In the entries that follow, find the line containing "(real j / (N", then output exactly every line from the first through that one.
---- Recorded information
lemma abs_cfun_node_diff_disc_mode_le:
  assumes L: "0 < L" and J: "2 \<le> J" and j: "j < J" and p: "0 < p"
  shows "\<bar>cfun L p (real j * dx L J) - disc_mode J p j\<bar> \<le> real p * pi * dx L J / L"
proof -
  define N where "N = real J"
  have N: "2 \<le> N" "real j \<le> N - 1" using J j by (auto simp: N_def)
  have dx: "dx L J = L / (N - 1)" unfolding dx_def N_def by simp
  define a where "a = real p * pi * (real j * dx L J) / L"
  define b where "b = real p * pi * (real j + 1 / 2) / N"
  have "a - b = real p * pi * (real j / (N - 1) - (real j + 1 / 2) / N)"
    unfolding a_def b_def dx using L N by (simp add: field_simps)
  then have "\<bar>a - b\<bar> = real p * pi * \<bar>real j / (N - 1) - (real j + 1 / 2) / N\<bar>"
    by (simp add: abs_mult)
  also have "\<dots> \<le> real p * pi * (1 / (2 * N))"
    using abs_node_diff_centre_le[OF N(1) _ N(2)] by (intro mult_left_mono) auto
  also have "\<dots> \<le> real p * pi * (1 / (2 * (N - 1)))"
    using N by (intro mult_left_mono divide_left_mono) auto
  finally have ab: "\<bar>a - b\<bar> \<le> real p * pi * (1 / (2 * (N - 1)))" .
  have "\<bar>cfun L p (real j * dx L J) - disc_mode J p j\<bar> = sqrt 2 * \<bar>cos a - cos b\<bar>"
    unfolding cfun_def disc_mode_def a_def b_def N_def using p by (simp add: abs_mult flip: right_diff_distrib)
  also have "\<dots> \<le> 2 * \<bar>a - b\<bar>"
    using abs_cos_diff_le[of a b] sqrt2_less_2 by (intro mult_mono) auto
  also have "\<dots> \<le> 2 * (real p * pi * (1 / (2 * (N - 1))))"
    using ab by simp
  also have "\<dots> = real p * pi * dx L J / L"
    unfolding dx using L N by (simp add: field_simps)
  finally show ?thesis .
qed

lemma l2norm_disc_mode_diff_node_le:
  assumes "0 < L" and "2 \<le> J" and "0 < p"
  shows "l2norm J (\<lambda>i. disc_mode J p i - Pi_grid L J (cfun L p) i) \<le> real p * pi * dx L J / L"
  using assms abs_cfun_node_diff_disc_mode_le[OF assms(1,2) _ assms(3)]
  by (intro l2norm_le_sup) (auto simp: Pi_grid_def abs_minus_commute)

lemma square_diff_4_sin_half_square_div_le:
  fixes th w h L :: real
  assumes "0 \<le> th" and "th \<le> w * h" and "0 < h" and "h \<le> L"
  shows "(th\<^sup>2 - 4 * (sin (th / 2))\<^sup>2) / h\<^sup>2 \<le> w ^ 4 * h * L"
proof -
  have "(th\<^sup>2 - 4 * (sin (th / 2))\<^sup>2) / h\<^sup>2 \<le> (th ^ 4 / 12) / h\<^sup>2"
    using square_diff_4_sin_half_square_bounds(2)[OF assms(1)] by (rule divide_right_mono) simp
  also have "\<dots> \<le> (w * h) ^ 4 / h\<^sup>2"
  proof (rule divide_right_mono)
    show "th ^ 4 / 12 \<le> (w * h) ^ 4"
      using power_mono[OF assms(2,1), of 4] zero_le_power[OF assms(1), of 4] by linarith
  qed simp
  also have "\<dots> = w ^ 4 * h * h"
    using assms(3) by (simp add: power_mult_distrib power4_eq_xxxx power2_eq_square)
  also have "\<dots> \<le> w ^ 4 * h * L"
    using assms(3,4) by (simp add: mult_left_mono)
  finally show ?thesis .
qed
theorem mainTheorem4:
  fixes NT NI NR :: nat
    and Z ZT ZI ZR :: "complex mat"
  defines "N \<equiv> NT + NI + NR"
  defines "Z0 \<equiv> diag_block_mat [ZT, ZI, ZR]"
  defines "Y \<equiv> minv Z"
  defines "YT \<equiv> minv ZT"
  defines "YI \<equiv> minv ZI"
  defines "YR \<equiv> minv ZR"
  defines "YTT \<equiv> blk Y 0 NT 0 NT" and "YTI \<equiv> blk Y 0 NT NT NI" and "YTR \<equiv> blk Y 0 NT (NT + NI) NR"
  defines "YIT \<equiv> blk Y NT NI 0 NT" and "YII \<equiv> blk Y NT NI NT NI" and "YIR \<equiv> blk Y NT NI (NT + NI) NR"
  defines "YRT \<equiv> blk Y (NT + NI) NR 0 NT" and "YRI \<equiv> blk Y (NT + NI) NR NT NI"
    and "YRR \<equiv> blk Y (NT + NI) NR (NT + NI) NR"
  defines "Zt \<equiv> minv (1\<^sub>m N + Z0 * minv Z)"
  defines "ZtTT \<equiv> blk Zt 0 NT 0 NT" and "ZtRT \<equiv> blk Zt (NT + NI) NR 0 NT"
  assumes Z: "Z \<in> carrier_mat N N" and Zinv: "invertible_mat Z"
    and ZT: "ZT \<in> carrier_mat NT NT" and ZTdiag: "diagonal_mat ZT" and ZTinv: "invertible_mat ZT"
    and ZI: "ZI \<in> carrier_mat NI NI" and ZIinv: "invertible_mat ZI"
    and ZR: "ZR \<in> carrier_mat NR NR" and ZRdiag: "diagonal_mat ZR" and ZRinv: "invertible_mat ZR"
    and Ainv: "invertible_mat (1\<^sub>m N + Z0 * minv Z)"
    and Binv: "invertible_mat (YR + YRR)"
    and Cinv: "invertible_mat (four_block_mat (YI + YII) YIR YRI (YR + YRR))"
  shows "invertible_mat ZtTT
    \<and> invertible_mat (YI + YII - YIR * minv (YR + YRR) * YRI)
    \<and> ZtRT * minv ZtTT =
        minv (YR + YRR) *
          (- YRT + YRI * minv (YI + YII - YIR * minv (YR + YRR) * YRI)
                       * (YIT - YIR * minv (YR + YRR) * YRT))"
proof -
  define Y0 where "Y0 = diag_block_mat [YT, YI, YR]"
  have YTc: "YT \<in> carrier_mat NT NT" and YIc: "YI \<in> carrier_mat NI NI"
    and YRc: "YR \<in> carrier_mat NR NR" and Yc: "Y \<in> carrier_mat N N"
    unfolding YT_def YI_def YR_def Y_def using minv_carrier_mat assms by blast+
  have Z0c: "Z0 \<in> carrier_mat N N"
    unfolding Z0_def N_def using diag_block_mat3_carrier ZT ZI ZR by blast
  have "invertible_mat Z0" and "minv Z0 = Y0"
    using minv_diag_block_mat[of "[ZT, ZI, ZR]"] ZTinv ZIinv ZRinv
    unfolding Z0_def Y0_def YT_def YI_def YR_def by auto
  then have Minv: "invertible_mat (Y0 + Y)" and Zt: "Zt = minv (Y0 + Y) * Y0"
    using minv_one_plus_mult[OF Z0c _ Yc] Ainv unfolding Zt_def Y_def by auto
  have Mc: "Y0 + Y \<in> carrier_mat (NT + NI + NR) (NT + NI + NR)"
    unfolding Y0_def using diag_block_mat3_carrier[OF YTc YIc YRc] Yc N_def by auto
  note M_blocks = blk_diag_block_mat3_add[OF YTc YIc YRc Yc[unfolded N_def], folded Y0_def
      YIT_def YII_def YIR_def YRT_def YRI_def YRR_def]
  have Schur: "invertible_mat (YI + YII - YIR * minv (YR + YRR) * YRI)"
    using invertible_schur_complement[where n = NI and m = NR, OF _ _ _ _ Binv Cinv] YIc YRc
    unfolding YII_def YIR_def YRI_def YRR_def by auto
  have "minv (Y0 + Y) \<in> carrier_mat N N" using minv_carrier_mat[OF Mc Minv] N_def by simp
  then show ?thesis
    using blk_minv_column_ratio[OF Mc Minv, unfolded M_blocks, OF Binv Schur]
      blk_ratio_mult_diag_block_mat3[of "minv (Y0 + Y)" N NT NI NR, OF _ _ _ YTc _ YIc YRc]
      invertible_mat_minv[OF ZT ZTinv] Schur N_def
    unfolding ZtTT_def ZtRT_def Zt Y0_def YT_def by auto
qed

end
--------
Task response:
lemma abs_cfun_node_diff_disc_mode_le:
  assumes L: "0 < L" and J: "2 \<le> J" and j: "j < J" and p: "0 < p"
  shows "\<bar>cfun L p (real j * dx L J) - disc_mode J p j\<bar> \<le> real p * pi * dx L J / L"
proof -
  define N where "N = real J"
  have N: "2 \<le> N" "real j \<le> N - 1" using J j by (auto simp: N_def)
  have dx: "dx L J = L / (N - 1)" unfolding dx_def N_def by simp
  define a where "a = real p * pi * (real j * dx L J) / L"
  define b where "b = real p * pi * (real j + 1 / 2) / N"
  have "a - b = real p * pi * (real j / (N - 1) - (real j + 1 / 2) / N)"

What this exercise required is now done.